We do not have much difficulties in using our devices to reach communication technologies as we are at home or walking on the streets. The issue gets tougher when we started to drive our cars. The main actor in the car is the car, making the course decisions and using the in-vehicle devices. Normally a driver’s task is to drive the car safely without causing any danger for himself and the passengers. But a driver is not a robot programmed only to achieve one mission, meaning that human brain has the capacity to carry on more than one job at the same time. Although that situation is in favor of the driver, concentrating on many things can cause deconcentraion on the driver’s seat.

Mobile phones, undoubtedly, remain the most significant device for in-vehicle use. As mobile phone usage brings about questions during the course of the cars, many countries started to discuss this issue in detail. And many countries banned to use mobile during the course of the cars. As some countries allow to use mobile phones with “hands free kit”, some countries banned it in a strict way.

My starting point for my thesis was to establish some projects to solve the problems about the currently used in-vehicle technologies. I already had some questions in my mind requiring answers: How do the in-vehicle technologies affect our behaviours in the car? How better can the interfaces of those devices be designed? How better can i meet the communication demands of the driver?

I started my study to interview with drivers to know their in-vehicle needs.My purpose was to find the anwers to those questions in general: What is the relation of the driver with his car? How often and which purpose does he motivate to drive? What does he need as he drive the car? As well as with my face-to-face interviews i held a survey with similar questions and sent to people to get a mass feedback. My purpose was to acquire a leitmotive that i would like to focus on. The respondents explained that they have one or more mobile phones. Although it is forbidden in-vehicle use of mobile phones in their countries, they did not hesitate to use their mobile phones.

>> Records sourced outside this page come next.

(* Schur product theorem: the entrywise product of a PSD matrix with a Gram matrix
   N_pq = sum_r cnj (w_r p) * w_r q is PSD, since its quadratic form splits as a sum of
   quadratic forms of the PSD factor. *)
lemma psd_schur_gram:
  assumes Y: "psd_mat n Y" and fin: "finite I"
    and N: "\<And>p q. p < n \<Longrightarrow> q < n \<Longrightarrow> N p q = (\<Sum>r\<in>I. cnj (w r p) * w r q)"
  shows "psd_mat n (mat n n (\<lambda>(p,q). N p q * Y $$ (p,q)))"
proof -
  have Yq: "\<And>v. Im (qf n Y v) = 0 \<and> Re (qf n Y v) \<ge> 0" using Y unfolding psd_mat_qf by auto
  have split: "qf n (mat n n (\<lambda>(p,q). N p q * Y $$ (p,q))) v = (\<Sum>r\<in>I. qf n Y (\<lambda>i. v i * w r i))" for v
  proof -
    have "qf n (mat n n (\<lambda>(p,q). N p q * Y $$ (p,q))) v
        = (\<Sum>i<n. \<Sum>j<n. \<Sum>r\<in>I. cnj (v i * w r i) * Y $$ (i, j) * (v j * w r j))"
      unfolding qf_def
      by (rule sum.cong[OF refl], rule sum.cong[OF refl])
         (simp add: N sum_distrib_left sum_distrib_right algebra_simps)
    also have "\<dots> = (\<Sum>i<n. \<Sum>r\<in>I. \<Sum>j<n. cnj (v i * w r i) * Y $$ (i, j) * (v j * w r j))"
      by (rule sum.cong[OF refl], rule sum.swap)
    also have "\<dots> = (\<Sum>r\<in>I. \<Sum>i<n. \<Sum>j<n. cnj (v i * w r i) * Y $$ (i, j) * (v j * w r j))"
      by (rule sum.swap)
    finally show ?thesis unfolding qf_def .
  qed
  show ?thesis unfolding psd_mat_qf split
    using Yq by (simp add: Im_sum Re_sum sum_nonneg)
qed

One of my projects is called navigation system interface. Currently used road navigators is based on to trace the map located on the console or the next turn is passed to the driver through a warning voice in some systems. Such road navigators play a significant role for the deconcentraion of the driver as he tries to trace a small display. Mostly used audible warning systems could be disturbing as the music is on the car or passengers are talking to each other. To me the road navigator should function without deconcentrating the driver, as the main target of it is to navigate.

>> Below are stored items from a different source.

lemma main_chain_triangular_orbit:
  "u (main_chain (N + 2 * k)) - v (main_chain (N + 2 * k)) - main_chain (LEAST m. m \<in> positions \<and> N + 2 * k < m)
    \<in> span (main_chain ` {m \<in> positions. m \<le> N + 2 * k})"
proof (cases "k \<in> slot ` Hb")
  case True
  then obtain h where h: "h \<in> Hb" "k = slot h"
    by blast
  then have "u (main_chain (N + 2 * k)) - v (main_chain (N + 2 * k)) - main_chain (Suc (N + 2 * k))
      = (1 - a) *s main_chain (N + 2 * k)"
    using step_slot by (simp add: main_chain_orbit main_chain_Hb)
  then show ?thesis
    using h positions_intros(2,3) in_span_main_chain_upto[of "N + 2 * k"]
    by (simp add: Least_greater_Suc span_scale)
next
  case False
  have "Suc (N + 2 * k) \<notin> positions"
    using False unfolding positions_def by auto presburger
  moreover have "Suc (Suc (N + 2 * k)) \<in> positions"
    using positions_intros(2)[of "Suc k"] by simp
  ultimately have "(LEAST m. m \<in> positions \<and> N + 2 * k < m) = N + 2 * Suc k"
    by (simp add: Least_greater_Suc_Suc)
  moreover have "u (main_chain (N + 2 * k)) - v (main_chain (N + 2 * k)) = main_chain (N + 2 * Suc k)"
    using step_orbit[OF b0] False by (simp add: main_chain_orbit main_chain_orbit_Suc main_orbit_def)
  ultimately show ?thesis
    by (simp add: span_zero)
qed

lemma main_chain_triangular_Hb:
  assumes "h \<in> Hb"
  shows "u (main_chain (Suc (N + 2 * slot h))) - v (main_chain (Suc (N + 2 * slot h)))
      - main_chain (LEAST m. m \<in> positions \<and> Suc (N + 2 * slot h) < m)
    \<in> span (main_chain ` {m \<in> positions. m \<le> Suc (N + 2 * slot h)})"
proof -
  have "Suc (Suc (N + 2 * slot h)) = N + 2 * Suc (slot h)"
    by simp
  then have "(LEAST m. m \<in> positions \<and> Suc (N + 2 * slot h) < m) = N + 2 * Suc (slot h)"
    using positions_intros(2)[of "Suc (slot h)"] Least_greater_Suc by metis
  then show ?thesis
    using step_Hb[OF assms] positions_intros(2) positions_intros(3)[OF assms]
      in_span_main_chain_upto[of "N + 2 * slot h" "Suc (N + 2 * slot h)"]
      in_span_main_chain_upto[of "Suc (N + 2 * slot h)" "Suc (N + 2 * slot h)"]
    by (simp add: main_chain_Hb[OF assms] main_chain_orbit main_chain_orbit_Suc span_add span_scale)
qed

lemma main_chain_triangular:
  assumes "n \<in> positions"
  shows "u (main_chain n) - v (main_chain n) - main_chain (LEAST m. m \<in> positions \<and> n < m)
    \<in> span (main_chain ` {m \<in> positions. m \<le> n})"
  using assms
proof (cases rule: positions_cases)
  case 1
  then show ?thesis
    by (rule main_chain_triangular_y)
next
  case (2 k)
  then show ?thesis
    using main_chain_triangular_orbit by simp
next
  case (3 h)
  then show ?thesis
    using main_chain_triangular_Hb by simp
qed

definition chain :: "'b \<Rightarrow> nat \<Rightarrow> 'b"
  where "chain b n = (if b = b0 then main_chain n else (u ^^ n) b)"

definition chain_positions :: "'b \<Rightarrow> nat set"
  where "chain_positions b = (if b = b0 then positions else UNIV)"

lemma other_orbit_not_main_chain:
  assumes "b \<in> Bf" "b \<noteq> b0" "n' \<in> positions"
  shows "(u ^^ n) b \<noteq> main_chain n'"
  using assms(3)
proof (cases rule: positions_cases)
  case 1
  then show ?thesis
    using orbits_not_y[OF orbit_in_orbits[OF assms(1)]] by (auto simp: main_chain_y)
next
  case (2 k)
  then show ?thesis
    using orbit_eq_iff[OF assms(1) b0] assms(2) by (simp add: main_chain_orbit main_orbit_def)
next
  case (3 h)
  then show ?thesis
    using Hb_not_orbits_y orbit_in_orbits[OF assms(1)] by (auto simp: main_chain_Hb)
qed

lemma chain_inj: "inj_on (\<lambda>(b, n). chain b n) (SIGMA b:Bf. chain_positions b)"
proof (rule inj_onI, clarify)
  fix b n b' n'
  assume "b \<in> Bf" "n \<in> chain_positions b" "b' \<in> Bf" "n' \<in> chain_positions b'" "chain b n = chain b' n'"
  then show "b = b' \<and> n = n'"
    using main_chain_inj orbit_eq_iff other_orbit_not_main_chain
    unfolding chain_def chain_positions_def inj_on_def by (auto split: if_splits) metis+
qed

lemma chain_image: "(\<lambda>(b, n). chain b n) ` (SIGMA b:Bf. chain_positions b) = basis"
proof -
  let ?chain = "\<lambda>(b, n). chain b n"
  let ?others = "(\<lambda>(b, k). (u ^^ k) b) ` ((Bf - {b0}) \<times> UNIV)"
  have "(SIGMA b:Bf. chain_positions b) = {b0} \<times> positions \<union> (Bf - {b0}) \<times> UNIV"
    using b0 unfolding chain_positions_def by auto
  then have "?chain ` (SIGMA b:Bf. chain_positions b) = ?chain ` ({b0} \<times> positions) \<union> ?chain ` ((Bf - {b0}) \<times> UNIV)"
    by (simp only: image_Un)
  also have "?chain ` ({b0} \<times> positions) = main_chain ` positions"
    by (force simp: chain_def)
  also have "?chain ` ((Bf - {b0}) \<times> UNIV) = ?others"
  proof (rule image_cong)
    fix p :: "'b \<times> nat"
    assume "p \<in> (Bf - {b0}) \<times> UNIV"
    then show "?chain p = (\<lambda>(b, k). (u ^^ k) b) p"
      by (cases p) (simp add: chain_def)
  qed simp
  also have "main_chain ` positions \<union> ?others = basis"
  proof -
    have "orbits = range main_orbit \<union> ?others"
      unfolding orbits_def main_orbit_def using b0 by auto
    then show ?thesis
      unfolding basis_def main_chain_image by (simp add: Un_ac)
  qed
  finally show ?thesis .
qed

lemma positions_infinite: "infinite positions"
proof -
  have "inj (\<lambda>k. N + 2 * k)"
    by (simp add: inj_def)
  then have "infinite (range (\<lambda>k. N + 2 * k))"
    by (rule range_inj_infinite)
  then show ?thesis
    unfolding positions_def using infinite_super by blast
qed

theorem elementary_u_minus_v: "elementary scale (\<lambda>x. u x - v x)"
proof (rule elementary_if_triangular_basis_sparse)
  show "Vector_Spaces.linear scale scale (\<lambda>x. u x - v x)"
    using vp.linear_compose_sub[OF lin v_linear] .
  show "infinite (chain_positions b)" for b
    using positions_infinite by (simp add: chain_positions_def)
  show "inj_on (\<lambda>(b, n). chain b n) (SIGMA b:Bf. chain_positions b)"
    by (rule chain_inj)
  show "independent ((\<lambda>(b, n). chain b n) ` (SIGMA b:Bf. chain_positions b))"
    "span ((\<lambda>(b, n). chain b n) ` (SIGMA b:Bf. chain_positions b)) = UNIV"
    unfolding chain_image by (rule basis_facts)+
  fix b n assume "b \<in> Bf" "n \<in> chain_positions b"
  then show "u (chain b n) - v (chain b n) - chain b (LEAST m. m \<in> chain_positions b \<and> n < m)
      \<in> span (chain b ` {m \<in> chain_positions b. m \<le> n})"
    using main_chain_triangular step_orbit[OF \<open>b \<in> Bf\<close>] Least_greater_Suc[of n UNIV]
    by (auto simp: chain_def chain_positions_def span_zero)
qed

end

context vector_space
begin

My second project is Pronto, which integrates navigation and communication for in-vehicle use. Respondents underlined that the their most phone calls are intented to know where they are. Such calls can be decreased thrugh the communication of in-vehicle devices. With Pronto, driver matches his mobile phone with the car once and then as he enters his car his mobile phone and in-vehicle system will be synchronized via bluetooth.

My point for both projects was to reshape current technology and devices to match with people’s demands. Now both projects await for the production as feasible and practical systems in the near future.

Closing words are for the users’ now. Drivers having the opportunity to try those projects said they look forward to use those systems in real life as well. If people’s motivations are considered in depth as technology is shaped, it would be possible to launch long life and exciting products.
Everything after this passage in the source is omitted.